### What this task involves
Each line below has to be set down again exactly.
━━━
text \<open>Under the reduct with respect to \<open>Z\<close>, a negative element \<open>not l\<close> of a weight constraint
  becomes the constant \<open>l \<notin> Z\<close>, so in the translation \<open>[L \<le> S]\<^sup>Z\<close> its weight simply joins
  the weights of the true positive elements; this is exactly the satisfaction of \<open>L\<^sup>Z \<le> S'\<close>.
  Since weights are nonnegative, the disjunction over index sets reaching the bound is
  equivalent to the single condition on the total weight of all satisfied elements. The
  upper bound \<open>not [U < S]\<close> and the conjunct \<open>not not l\<close> reduce to the constants
  \<open>Z \<Turnstile> S \<le> U\<close> and \<open>l \<in> Z\<close>, which are precisely the side conditions under which the
  reduct \<open>\<Omega>\<^sup>Z\<close> contains the rule \<open>l \<leftarrow> \<dots>\<close>.\<close>

lemma sat_freduct_conj_list:
  "sat Z' (freduct Z (conj_list Fs)) \<longleftrightarrow> (\<forall>F\<in>set Fs. sat Z' (freduct Z F))"
  by (induct Fs) (auto simp: conj_list_def)

lemma sat_freduct_disj_list:
  "sat Z' (freduct Z (disj_list Fs)) \<longleftrightarrow> (\<exists>F\<in>set Fs. sat Z' (freduct Z F))"
  by (induct Fs) (auto simp: disj_list_def)

lemma sat_freduct_self: "sat Z (freduct Z F) \<longleftrightarrow> sat Z F"
  by (induct F) auto

lemma sat_freduct_tuple_form:
  "sat Z' (freduct Z (tuple_form Fs X)) \<longleftrightarrow>
   (\<exists>J\<subseteq>{..<length Fs}. J \<in> X \<and> (\<forall>i\<in>J. sat Z' (freduct Z (Fs ! i))))"
proof -
  have "sat Z' (freduct Z (tuple_form Fs X)) \<longleftrightarrow>
    (\<exists>J\<in>set ` set (subseqs [0..<length Fs]). J \<in> X \<and> (\<forall>i\<in>J. sat Z' (freduct Z (Fs ! i))))"
    unfolding tuple_form_def by (auto simp: sat_freduct_disj_list sat_freduct_conj_list)
  also have "set ` set (subseqs [0..<length Fs]) = Pow {..<length Fs}"
    by (simp add: subseqs_powset atLeast0LessThan)
  finally show ?thesis by blast
qed

lemma ex_subset_sum_threshold_iff:
  fixes w :: "'i \<Rightarrow> real"
  assumes "finite A" and nonneg: "\<And>i. i \<in> A \<Longrightarrow> 0 \<le> w i"
    and up_closed: "\<And>x y. x \<le> y \<Longrightarrow> Q x \<Longrightarrow> Q y"
  shows "(\<exists>J\<subseteq>A. Q (sum w J) \<and> (\<forall>i\<in>J. P i)) \<longleftrightarrow> Q (\<Sum>i\<in>{i\<in>A. P i}. w i)"
proof
  assume "\<exists>J\<subseteq>A. Q (sum w J) \<and> (\<forall>i\<in>J. P i)"
  then obtain J where J: "J \<subseteq> A" "Q (sum w J)" "\<forall>i\<in>J. P i" by blast
  have "sum w J \<le> (\<Sum>i\<in>{i\<in>A. P i}. w i)"
    using J nonneg \<open>finite A\<close> by (intro sum_mono2) auto
  with J(2) show "Q (\<Sum>i\<in>{i\<in>A. P i}. w i)" by (rule up_closed[rotated])
next
  assume "Q (\<Sum>i\<in>{i\<in>A. P i}. w i)"
  then show "\<exists>J\<subseteq>A. Q (sum w J) \<and> (\<forall>i\<in>J. P i)"
    by (intro exI[of _ "{i\<in>A. P i}"]) auto
qed

lemma sum_filter_nth_eq_sum_list:
  fixes S :: "('c \<times> 'b::comm_monoid_add) list"
  shows "(\<Sum>i\<in>{i\<in>{..<length S}. P (fst (S ! i))}. snd (S ! i))
       = sum_list (map (\<lambda>(c, w). if P c then w else 0) S)"
proof -
  have "sum_list (map (\<lambda>(c, w). if P c then w else 0) S)
      = (\<Sum>i\<in>{..<length S}. if P (fst (S ! i)) then snd (S ! i) else 0)"
    by (simp add: sum_list_sum_nth atLeast0LessThan case_prod_beta)
  also have "\<dots> = (\<Sum>i\<in>{i\<in>{..<length S}. P (fst (S ! i))}. snd (S ! i))"
    by (subst sum.inter_filter) auto
  finally show ?thesis ..
qed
━━━
### Reply
text \<open>Under the reduct with respect to \<open>Z\<close>, a negative element \<open>not l\<close> of a weight constraint
  becomes the constant \<open>l \<notin> Z\<close>, so in the translation \<open>[L \<le> S]\<^sup>Z\<close> its weight simply joins
  the weights of the true positive elements; this is exactly the satisfaction of \<open>L\<^sup>Z \<le> S'\<close>.
  Since weights are nonnegative, the disjunction over index sets reaching the bound is
  equivalent to the single condition on the total weight of all satisfied elements. The
  upper bound \<open>not [U < S]\<close> and the conjunct \<open>not not l\<close> reduce to the constants
  \<open>Z \<Turnstile> S \<le> U\<close> and \<open>l \<in> Z\<close>, which are precisely the side conditions under which the
  reduct \<open>\<Omega>\<^sup>Z\<close> contains the rule \<open>l \<leftarrow> \<dots>\<close>.\<close>

lemma sat_freduct_conj_list:
  "sat Z' (freduct Z (conj_list Fs)) \<longleftrightarrow> (\<forall>F\<in>set Fs. sat Z' (freduct Z F))"
  by (induct Fs) (auto simp: conj_list_def)

lemma sat_freduct_disj_list:
  "sat Z' (freduct Z (disj_list Fs)) \<longleftrightarrow> (\<exists>F\<in>set Fs. sat Z' (freduct Z F))"
  by (induct Fs) (auto simp: disj_list_def)

lemma sat_freduct_self: "sat Z (freduct Z F) \<longleftrightarrow> sat Z F"
  by (induct F) auto

lemma sat_freduct_tuple_form:
  "sat Z' (freduct Z (tuple_form Fs X)) \<longleftrightarrow>
   (\<exists>J\<subseteq>{..<length Fs}. J \<in> X \<and> (\<forall>i\<in>J. sat Z' (freduct Z (Fs ! i))))"
proof -
  have "sat Z' (freduct Z (tuple_form Fs X)) \<longleftrightarrow>
    (\<exists>J\<in>set ` set (subseqs [0..<length Fs]). J \<in> X \<and> (\<forall>i\<in>J. sat Z' (freduct Z (Fs ! i))))"
    unfolding tuple_form_def by (auto simp: sat_freduct_disj_list sat_freduct_conj_list)
  also have "set ` set (subseqs [0..<length Fs]) = Pow {..<length Fs}"
    by (simp add: subseqs_powset atLeast0LessThan)
  finally show ?thesis by blast
qed

lemma ex_subset_sum_threshold_iff:
  fixes w :: "'i \<Rightarrow> real"
  assumes "finite A" and nonneg: "\<And>i. i \<in> A \<Longrightarrow> 0 \<le> w i"
    and up_closed: "\<And>x y. x \<le> y \<Longrightarrow> Q x \<Longrightarrow> Q y"
  shows "(\<exists>J\<subseteq>A. Q (sum w J) \<and> (\<forall>i\<in>J. P i)) \<longleftrightarrow> Q (\<Sum>i\<in>{i\<in>A. P i}. w i)"
proof
  assume "\<exists>J\<subseteq>A. Q (sum w J) \<and> (\<forall>i\<in>J. P i)"
  then obtain J where J: "J \<subseteq> A" "Q (sum w J)" "\<forall>i\<in>J. P i" by blast
  have "sum w J \<le> (\<Sum>i\<in>{i\<in>A. P i}. w i)"
    using J nonneg \<open>finite A\<close> by (intro sum_mono2) auto
  with J(2) show "Q (\<Sum>i\<in>{i\<in>A. P i}. w i)" by (rule up_closed[rotated])
next
  assume "Q (\<Sum>i\<in>{i\<in>A. P i}. w i)"
  then show "\<exists>J\<subseteq>A. Q (sum w J) \<and> (\<forall>i\<in>J. P i)"
    by (intro exI[of _ "{i\<in>A. P i}"]) auto
qed

lemma sum_filter_nth_eq_sum_list:
  fixes S :: "('c \<times> 'b::comm_monoid_add) list"
  shows "(\<Sum>i\<in>{i\<in>{..<length S}. P (fst (S ! i))}. snd (S ! i))
       = sum_list (map (\<lambda>(c, w). if P c then w else 0) S)"
proof -
  have "sum_list (map (\<lambda>(c, w). if P c then w else 0) S)
      = (\<Sum>i\<in>{..<length S}. if P (fst (S ! i)) then snd (S ! i) else 0)"
    by (simp add: sum_list_sum_nth atLeast0LessThan case_prod_beta)
  also have "\<dots> = (\<Sum>i\<in>{i\<in>{..<length S}. P (fst (S ! i))}. snd (S ! i))"
    by (subst sum.inter_filter) auto
  finally show ?thesis ..
qed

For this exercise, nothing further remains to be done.